WHAT THE TASK ASKS: From the listing below, copy only the lines from the line that contains "using prod_zero_iff[of ?U" to the line that contains "by (induction k) (auto simp: is_field_hom_def)", counting those two lines as part of the copy.

GIVEN DATA:
+ + +

(* Let $q$ be a prime power and $L\in\mathbb{F}_q[x]$ a $q$-polynomial of $q$-degree $n\geq2$ such that $L(x)/x$ is irreducible in $\mathbb{F}_q[x]$. Let $E$ be a splitting field of $L$ over $\mathbb{F}_q$ and $V\subseteq E$ the space of roots. For an ordered $\mathbb{F}_q$-basis $v_1,\dots,v_n$ of $V$ let $\epsilon_r:H_{n,r}(\mathbb{F}_q)\to E$, $\epsilon_r(P)=P(v_1,\dots,v_n)$. Then $\epsilon_r$ is not injective for every $r\geq q+1$.
   Context: $H_{n,r}(\mathbb{F}_q)$ is the space of homogeneous polynomials of degree $r$ in $\mathbb{F}_q[x_1,\dots,x_n]$ together with $0$. A $q$-polynomial of $q$-degree $n$ is $\sum_{i=0}^n a_ix^{q^i}$ with $a_n\neq0$. *)

theory Defs
  imports "HOL-Computational_Algebra.Polynomial" "HOL-Library.Cardinality"
begin

definition is_field_hom :: "('a::field \<Rightarrow> 'e::field) \<Rightarrow> bool" where
  "is_field_hom \<phi> \<longleftrightarrow> \<phi> 1 = 1 \<and> (\<forall>x y. \<phi> (x + y) = \<phi> x + \<phi> y) \<and> (\<forall>x y. \<phi> (x * y) = \<phi> x * \<phi> y)"

definition is_q_polynomial :: "nat \<Rightarrow> nat \<Rightarrow> 'a::field poly \<Rightarrow> bool" where
  "is_q_polynomial q n L \<longleftrightarrow>
     (\<forall>k. coeff L k \<noteq> 0 \<longrightarrow> (\<exists>i\<le>n. k = q ^ i)) \<and> coeff L (q ^ n) \<noteq> 0"

definition root_space :: "('a::field \<Rightarrow> 'e::field) \<Rightarrow> 'a poly \<Rightarrow> 'e set" where
  "root_space \<phi> L = {x. poly (map_poly \<phi> L) x = 0}"

definition is_subfield :: "'e::field set \<Rightarrow> bool" where
  "is_subfield S \<longleftrightarrow> 0 \<in> S \<and> 1 \<in> S \<and> (\<forall>x\<in>S. \<forall>y\<in>S. x + y \<in> S \<and> x * y \<in> S) \<and>
     (\<forall>x\<in>S. - x \<in> S \<and> inverse x \<in> S)"

text \<open>E (the whole type 'e) is a splitting field of L over the image of \<phi>:
  L splits into linear factors over E and E is generated by \<phi>(F_q) and the roots.\<close>
definition is_splitting_field :: "('a::field \<Rightarrow> 'e::field) \<Rightarrow> 'a poly \<Rightarrow> bool" where
  "is_splitting_field \<phi> L \<longleftrightarrow>
     (\<exists>c xs. map_poly \<phi> L = smult c (\<Prod>x\<leftarrow>xs. [:- x, 1:])) \<and>
     (\<forall>S. is_subfield S \<and> range \<phi> \<subseteq> S \<and> root_space \<phi> L \<subseteq> S \<longrightarrow> S = UNIV)"

definition is_ordered_basis :: "('a::field \<Rightarrow> 'e::field) \<Rightarrow> 'e set \<Rightarrow> nat \<Rightarrow> (nat \<Rightarrow> 'e) \<Rightarrow> bool" where
  "is_ordered_basis \<phi> V n v \<longleftrightarrow>
     (\<forall>i<n. v i \<in> V) \<and>
     (\<forall>x\<in>V. \<exists>!c::nat \<Rightarrow> 'a. (\<forall>i\<ge>n. c i = 0) \<and> x = (\<Sum>i<n. \<phi> (c i) * v i))"

definition monomials :: "nat \<Rightarrow> nat \<Rightarrow> (nat \<Rightarrow> nat) set" where
  "monomials n r = {m. (\<forall>i\<ge>n. m i = 0) \<and> (\<Sum>i<n. m i) = r}"

text \<open>H_{n,r}(F_q): homogeneous polynomials of degree r in x_1..x_n together with 0,
  represented by coefficient functions supported on the degree-r monomials.\<close>
definition hom_polys :: "nat \<Rightarrow> nat \<Rightarrow> ((nat \<Rightarrow> nat) \<Rightarrow> 'a::field) set" where
  "hom_polys n r = {P. \<forall>m. m \<notin> monomials n r \<longrightarrow> P m = 0}"

definition eval_hom :: "('a::field \<Rightarrow> 'e::field) \<Rightarrow> nat \<Rightarrow> nat \<Rightarrow> (nat \<Rightarrow> 'e) \<Rightarrow> ((nat \<Rightarrow> nat) \<Rightarrow> 'a) \<Rightarrow> 'e" where
  "eval_hom \<phi> n r v P = (\<Sum>m\<in>monomials n r. \<phi> (P m) * (\<Prod>i<n. v i ^ m i))"

end

theory Submission
  imports Defs "HOL-Library.FuncSet"
begin

(* The Frobenius map x \<mapsto> x^q fixes the coefficients of L, so it maps the root space V into
   itself: v_i^q = \<Sum>_k c_ik v_k with c_ik \<in> F_q.  Write r = s + q + 1.  The q^(n^2) polynomials
   \<Sum>_ij b_ij x_0^s x_i^q x_j in H_{n,r} are pairwise distinct, but they evaluate to
   \<Sum>_kj d_kj v_0^s v_k v_j, an expression symmetric in (k, j) and hence determined by the
   n(n+1)/2 sums d_kj + d_jk (k \<le> j); since n \<ge> 2, there are fewer than q^(n^2) values. *)

(* Library lemma finite_field_power_card_eq_same needs sort finite_field, which a type
   variable of sort {finite,field} does not have. *)
lemma finite_field_power_card:
  fixes x :: "'a :: {finite,field}"
  shows "x ^ CARD('a) = x"
proof (cases "x = 0")
  case False
  let ?U = "UNIV - {0 :: 'a}"
  have "x ^ card ?U * \<Prod>?U = (\<Prod>y\<in>?U. x * y)"
    by (simp add: prod.distrib)
  also have "\<dots> = \<Prod>?U"
    by (rule prod.reindex_bij_witness[of _ "\<lambda>y. y / x" "\<lambda>y. x * y"]) (use False in auto)
  finally have "x ^ card ?U = 1"
    using prod_zero_iff[of ?U "\<lambda>y. y"] by simp
  moreover have "CARD('a) = Suc (card ?U)"
    using finite_UNIV_card_ge_0[where 'a = 'a] by (simp add: card_Diff_singleton)
  ultimately show ?thesis
    by (simp only: power_Suc mult_1_right)
qed simp

lemma card_finite_field_ge_2: "CARD('a :: {finite,field}) \<ge> 2"
proof -
  have "card {0 :: 'a, 1} \<le> CARD('a)"
    by (rule card_mono) auto
  then show ?thesis
    by simp
qed

(* (X + 1)^q - X^q - 1 has degree < q but vanishes on all of F_q, so it is zero. *)
lemma of_nat_card_choose_eq_0:
  assumes "0 < k" "k < CARD('a :: {finite,field})"
  shows "of_nat (CARD('a) choose k) = (0 :: 'a)"
proof -
  let ?q = "CARD('a)"
  define f :: "'a poly" where "f = (\<Sum>i\<in>{1..<?q}. monom (of_nat (?q choose i)) i)"
  have "poly f a = 0" for a :: 'a
  proof -
    have "{..?q} = insert 0 (insert ?q {1..<?q})"
      using assms by auto
    then have "(a + 1) ^ ?q = 1 + a ^ ?q + poly f a"
      using assms by (simp add: binomial_ring[of a 1] f_def poly_sum poly_monom)
    then show ?thesis
      by (simp add: finite_field_power_card)
  qed
  then have roots: "{x. poly f x = 0} = UNIV"
    by auto
  have "degree f \<le> ?q - 1"
    unfolding f_def by (intro degree_sum_le order.trans[OF degree_monom_le]) auto
  then have "f = 0"
    using card_poly_roots_bound[of f] assms unfolding roots by fastforce
  then have "coeff f k = 0"
    by simp
  then show ?thesis
    using assms by (simp add: f_def coeff_sum)
qed

lemma field_hom_0: "is_field_hom \<phi> \<Longrightarrow> \<phi> 0 = 0"
  unfolding is_field_hom_def by (metis add_cancel_right_right)

lemma field_hom_add: "is_field_hom \<phi> \<Longrightarrow> \<phi> (x + y) = \<phi> x + \<phi> y"
  unfolding is_field_hom_def by blast

lemma field_hom_mult: "is_field_hom \<phi> \<Longrightarrow> \<phi> (x * y) = \<phi> x * \<phi> y"
  unfolding is_field_hom_def by blast

lemma field_hom_sum: "is_field_hom \<phi> \<Longrightarrow> \<phi> (sum f A) = (\<Sum>x\<in>A. \<phi> (f x))"
  by (induction A rule: infinite_finite_induct) (auto simp: field_hom_0 field_hom_add)

lemma field_hom_power: "is_field_hom \<phi> \<Longrightarrow> \<phi> (x ^ k) = \<phi> x ^ k"
  by (induction k) (auto simp: is_field_hom_def)

lemma field_hom_of_nat: "is_field_hom \<phi> \<Longrightarrow> \<phi> (of_nat k) = of_nat k"
  by (induction k) (auto simp: field_hom_0 is_field_hom_def)

lemma freshmans_dream_card:
  fixes \<phi> :: "'a::{finite,field} \<Rightarrow> 'e::field"
  assumes "is_field_hom \<phi>"
  shows "(x + y :: 'e) ^ CARD('a) = x ^ CARD('a) + y ^ CARD('a)"
proof -
  let ?q = "CARD('a)"
  have "(x + y) ^ ?q = (\<Sum>k\<le>?q. of_nat (?q choose k) * x ^ k * y ^ (?q - k))"
    by (rule binomial_ring)
  also have "\<dots> = (\<Sum>k\<in>{0, ?q}. of_nat (?q choose k) * x ^ k * y ^ (?q - k))"
  proof (intro sum.mono_neutral_right ballI)
    fix k assume "k \<in> {..?q} - {0, ?q}"
    then have "of_nat (?q choose k) = (0 :: 'a)"
      by (intro of_nat_card_choose_eq_0) auto
    then have "of_nat (?q choose k) = (0 :: 'e)"
      by (metis assms field_hom_0 field_hom_of_nat)
    then show "of_nat (?q choose k) * x ^ k * y ^ (?q - k) = 0"
      by simp
  qed auto
  finally show ?thesis
    by (simp add: add_ac)
qed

+ + +

EXERCISE ANSWER:
    using prod_zero_iff[of ?U "\<lambda>y. y"] by simp
  moreover have "CARD('a) = Suc (card ?U)"
    using finite_UNIV_card_ge_0[where 'a = 'a] by (simp add: card_Diff_singleton)
  ultimately show ?thesis
    by (simp only: power_Suc mult_1_right)
qed simp

lemma card_finite_field_ge_2: "CARD('a :: {finite,field}) \<ge> 2"
proof -
  have "card {0 :: 'a, 1} \<le> CARD('a)"
    by (rule card_mono) auto
  then show ?thesis
    by simp
qed

(* (X + 1)^q - X^q - 1 has degree < q but vanishes on all of F_q, so it is zero. *)
lemma of_nat_card_choose_eq_0:
  assumes "0 < k" "k < CARD('a :: {finite,field})"
  shows "of_nat (CARD('a) choose k) = (0 :: 'a)"
proof -
  let ?q = "CARD('a)"
  define f :: "'a poly" where "f = (\<Sum>i\<in>{1..<?q}. monom (of_nat (?q choose i)) i)"
  have "poly f a = 0" for a :: 'a
  proof -
    have "{..?q} = insert 0 (insert ?q {1..<?q})"
      using assms by auto
    then have "(a + 1) ^ ?q = 1 + a ^ ?q + poly f a"
      using assms by (simp add: binomial_ring[of a 1] f_def poly_sum poly_monom)
    then show ?thesis
      by (simp add: finite_field_power_card)
  qed
  then have roots: "{x. poly f x = 0} = UNIV"
    by auto
  have "degree f \<le> ?q - 1"
    unfolding f_def by (intro degree_sum_le order.trans[OF degree_monom_le]) auto
  then have "f = 0"
    using card_poly_roots_bound[of f] assms unfolding roots by fastforce
  then have "coeff f k = 0"
    by simp
  then show ?thesis
    using assms by (simp add: f_def coeff_sum)
qed

lemma field_hom_0: "is_field_hom \<phi> \<Longrightarrow> \<phi> 0 = 0"
  unfolding is_field_hom_def by (metis add_cancel_right_right)

lemma field_hom_add: "is_field_hom \<phi> \<Longrightarrow> \<phi> (x + y) = \<phi> x + \<phi> y"
  unfolding is_field_hom_def by blast

lemma field_hom_mult: "is_field_hom \<phi> \<Longrightarrow> \<phi> (x * y) = \<phi> x * \<phi> y"
  unfolding is_field_hom_def by blast

lemma field_hom_sum: "is_field_hom \<phi> \<Longrightarrow> \<phi> (sum f A) = (\<Sum>x\<in>A. \<phi> (f x))"
  by (induction A rule: infinite_finite_induct) (auto simp: field_hom_0 field_hom_add)

lemma field_hom_power: "is_field_hom \<phi> \<Longrightarrow> \<phi> (x ^ k) = \<phi> x ^ k"
  by (induction k) (auto simp: is_field_hom_def)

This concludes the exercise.